I'm sorry to hear that this is the case. I'm not familiar with the reporting process, having never reported anyone, nor having been reported on -- to my knowledge. A politics/issues forum, as someone noted above, can be a pressure valve to keep other forums on track. However, emotions do fray, and members of any forum can become habitually combative and go looking for a fight.


----------



## shesulsa

One common problem seems to be that there are some who cannot discern where the line between "spirited debate" and "personal attack" lies.

Here's a few pointers:


If you are calling someone else a name, describing them in a disparaging fashion or putting them down directly - as in, another user on this board - then you are over the line.
If you lay bait line hoping someone will jump on it time after time after time, that's trolling and against the rules.
If someone says something about another political party that you don't necessarily agree with that may not be over the line.
If someone says all X-party members are idiots or retarded, that's over the line. It is not a personal attack, but it's over the line.
Point your debate to the points made, the topic at hand. If you are going to attack, attack a point not a person.
If you still don't understand, then don't post an argument in the Study.


----------



## Lisa

shesulsa said:


> One common problem seems to be that there are some who cannot discern where the line between "spirited debate" and "personal attack" lies.
> 
> Here's a few pointers:
> 
> If you are calling someone else a name, describing them in a disparaging fashion or putting them down directly - as in, another user on this board - then you are over the line.
> If you lay bait line hoping someone will jump on it time after time after time, that's trolling and against the rules.
> If someone says something about another political party that you don't necessarily agree with that may not be over the line.
> If someone says all X-party members are idiots or retarded, that's over the line. It is not a personal attack, but it's over the line.
> Point your debate to the points made, the topic at hand. If you are going to attack, attack a point not a person.
> If you still don't understand, then don't post an argument in the Study.



I think the last point is the most important one!!!


----------



## MA-Caver

Lisa said:


> And we are trying to find a solution that is fair to everyone and can be moderated appropriately.  I just wish people would learn to use the ignore function and the RTM button appropriately.  We are all adults here after all.
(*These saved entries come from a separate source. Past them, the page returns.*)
(* Let $(\Omega,\Sigma,\mu)$ be a finite measure space and let $X(\mu)\subseteq L^0(\mu)$ be a Banach space of measurable functions. Then there is an equivalent norm on $X(\mu)$ under which $X(\mu)$ is a Banach function space if and only if $X(\mu)$ is a Banach rectangular function space with the subsequence property.
   Context: $L^0(\mu)$ is the space of equivalence classes (modulo $\mu$-a.e. equality) of real $\Sigma$-measurable functions. A Banach space of measurable functions is a vector subspace of $L^0(\mu)$ with a complete norm. It is rectangular if for some $C>0$, $\chi_Af\in X(\mu)$ and $\|\chi_Af\|\le C\|f\|$ for all $f\in X(\mu)$, $A\in\Sigma$. Subsequence property: whenever $f_n,f\in X(\mu)$ and $f_n\to f$ in norm, some subsequence converges to $f$ $\mu$-a.e. A Banach function space is such a space which is an ideal of $L^0(\mu)$ (if $f\in L^0(\mu)$, $g\in X(\mu)$, $|f|\le|g|$, then $f\in X(\mu)$) and whose norm satisfies $\|f\|\le\|g\|$ whenever $|f|\le|g|$. *)

theory Defs
  imports "HOL-Analysis.Analysis"
begin

text \<open>Elements of L^0(mu) are represented by real Borel-measurable functions; a space
X(mu) is represented by a set X of such functions that is saturated under a.e. equality,
together with a functional N that is a norm on X modulo a.e. equality.\<close>

definition banach_mfs :: "'a measure \<Rightarrow> ('a \<Rightarrow> real) set \<Rightarrow> (('a \<Rightarrow> real) \<Rightarrow> real) \<Rightarrow> bool" where
  "banach_mfs M X N \<longleftrightarrow>
     X \<subseteq> borel_measurable M \<and>
     (\<forall>f\<in>X. \<forall>g\<in>borel_measurable M. (AE x in M. f x = g x) \<longrightarrow> g \<in> X) \<and>
     (\<lambda>x. 0) \<in> X \<and>
     (\<forall>f\<in>X. \<forall>g\<in>X. (\<lambda>x. f x + g x) \<in> X) \<and>
     (\<forall>f\<in>X. \<forall>c. (\<lambda>x. c * f x) \<in> X) \<and>
     (\<forall>f\<in>X. 0 \<le> N f) \<and>
     (\<forall>f\<in>X. N f = 0 \<longleftrightarrow> (AE x in M. f x = 0)) \<and>
     (\<forall>f\<in>X. \<forall>c. N (\<lambda>x. c * f x) = \<bar>c\<bar> * N f) \<and>
     (\<forall>f\<in>X. \<forall>g\<in>X. N (\<lambda>x. f x + g x) \<le> N f + N g) \<and>
     (\<forall>s. (\<forall>n. s n \<in> X) \<longrightarrow>
          (\<forall>e>0. \<exists>K. \<forall>m\<ge>K. \<forall>n\<ge>K. N (\<lambda>x. s m x - s n x) < e) \<longrightarrow>
          (\<exists>f\<in>X. (\<lambda>n. N (\<lambda>x. s n x - f x)) \<longlonglongrightarrow> 0))"

definition rectangular :: "'a measure \<Rightarrow> ('a \<Rightarrow> real) set \<Rightarrow> (('a \<Rightarrow> real) \<Rightarrow> real) \<Rightarrow> bool" where
  "rectangular M X N \<longleftrightarrow>
     (\<exists>C>0. \<forall>f\<in>X. \<forall>A\<in>sets M.
        (\<lambda>x. indicator A x * f x) \<in> X \<and> N (\<lambda>x. indicator A x * f x) \<le> C * N f)"

definition subsequence_property :: "'a measure \<Rightarrow> ('a \<Rightarrow> real) set \<Rightarrow> (('a \<Rightarrow> real) \<Rightarrow> real) \<Rightarrow> bool" where
  "subsequence_property M X N \<longleftrightarrow>
     (\<forall>fs f. (\<forall>n. fs n \<in> X) \<longrightarrow> f \<in> X \<longrightarrow> (\<lambda>n. N (\<lambda>x. fs n x - f x)) \<longlonglongrightarrow> 0 \<longrightarrow>
        (\<exists>r. strict_mono r \<and> (AE x in M. (\<lambda>n. fs (r n) x) \<longlonglongrightarrow> f x)))"

definition banach_function_space :: "'a measure \<Rightarrow> ('a \<Rightarrow> real) set \<Rightarrow> (('a \<Rightarrow> real) \<Rightarrow> real) \<Rightarrow> bool" where
  "banach_function_space M X N \<longleftrightarrow>
     banach_mfs M X N \<and>
     (\<forall>f\<in>borel_measurable M. \<forall>g\<in>X. (AE x in M. \<bar>f x\<bar> \<le> \<bar>g x\<bar>) \<longrightarrow> f \<in> X) \<and>
     (\<forall>f\<in>X. \<forall>g\<in>X. (AE x in M. \<bar>f x\<bar> \<le> \<bar>g x\<bar>) \<longrightarrow> N f \<le> N g)"

definition equivalent_norms :: "('a \<Rightarrow> real) set \<Rightarrow> (('a \<Rightarrow> real) \<Rightarrow> real) \<Rightarrow> (('a \<Rightarrow> real) \<Rightarrow> real) \<Rightarrow> bool" where
  "equivalent_norms X N N' \<longleftrightarrow>
     (\<exists>c C. 0 < c \<and> 0 < C \<and> (\<forall>f\<in>X. c * N f \<le> N' f \<and> N' f \<le> C * N f))"

end

theory Submission
  imports Defs
begin

(* The renorming is |||f||| = sup {||psi f|| : psi measurable, |psi| <= 1}, a lattice norm by
   construction; the point is that it is equivalent to ||.||, i.e. ||phi g|| <= 4 C ||g|| for
   every such multiplier phi. Rectangularity gives this for the multiplier floor phi, which
   takes values in {-1, 0, 1}. The dyadic truncations floor (2^n phi) / 2^n increase in steps
   of 2^-(n+1) times an indicator, so phi g is the norm limit of a geometric series, and the
   subsequence property identifies that limit with phi g.
   Conversely, a lattice norm is rectangular with C = 1, and by the Riesz-Fischer argument a
   norm-null sequence has an a.e. null subsequence; both properties pass to equivalent norms. *)

lemma floor_double_cases:
  fixes y :: real
  shows "\<lfloor>2 * y\<rfloor> = 2 * \<lfloor>y\<rfloor> \<or> \<lfloor>2 * y\<rfloor> = 2 * \<lfloor>y\<rfloor> + 1"
proof -
  have "2 * \<lfloor>y\<rfloor> \<le> \<lfloor>2 * y\<rfloor>" "\<lfloor>2 * y\<rfloor> < 2 * \<lfloor>y\<rfloor> + 2"
    by (simp_all add: le_floor_iff floor_less_iff) linarith+
  then show ?thesis by linarith
qed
They probably DO know about the ignore button but they'll be damned if they're going to sit there and wonder what that "s.o.b." said about them that they can't read now because their posts are ignored... plus people just *LOVE* a fight! Especially one that they can carry on without worry about "physical reprisals"... (i.e. worrying about the guy hauling off and belting them one) betcha they wouldn't carry on so in a face to face... or a majority of them wouldn't. 
People LOVE being right and LOVE having everyone to be agreeing with them. If they don't agree then they're idiots! 
It's how some folks think. 
If someone doesn't agree with me then :idunno: well, at least I'd like to have a rational reason why... I deserve that don't I? If they don't have one then ... well... I've said what I've said and stand by it and leave it. Besides my participation in heavy (multi-paged) discussions tend to get buried and "left behind"... so I don't add on to it. I've said what I've said and that's good enough. Sometimes I'll get a rep point for it so it means at least ONE person out there agrees or supports or likes what I had to say... that's good nuff for me. :uhyeah: 

:asian: Kudos to the mods and admins for putting up with all of that. You all have my deepest sincerest respect.


----------



## arnisador

shesulsa said:


> Here's a few pointers:
> 
> If you are calling someone else a name, describing them in a disparaging fashion or putting them down directly - as in, another user on this board - then you are over the line.
> If you lay bait line hoping someone will jump on it time after time after time, that's trolling and against the rules.
> If someone says something about another political party that you don't necessarily agree with that may not be over the line.
> If someone says all X-party members are idiots or retarded, that's over the line. It is not a personal attack, but it's over the line.
> Point your debate to the points made, the topic at hand. If you are going to attack, attack a point not a person.
> If you still don't understand, then don't post an argument in the Study.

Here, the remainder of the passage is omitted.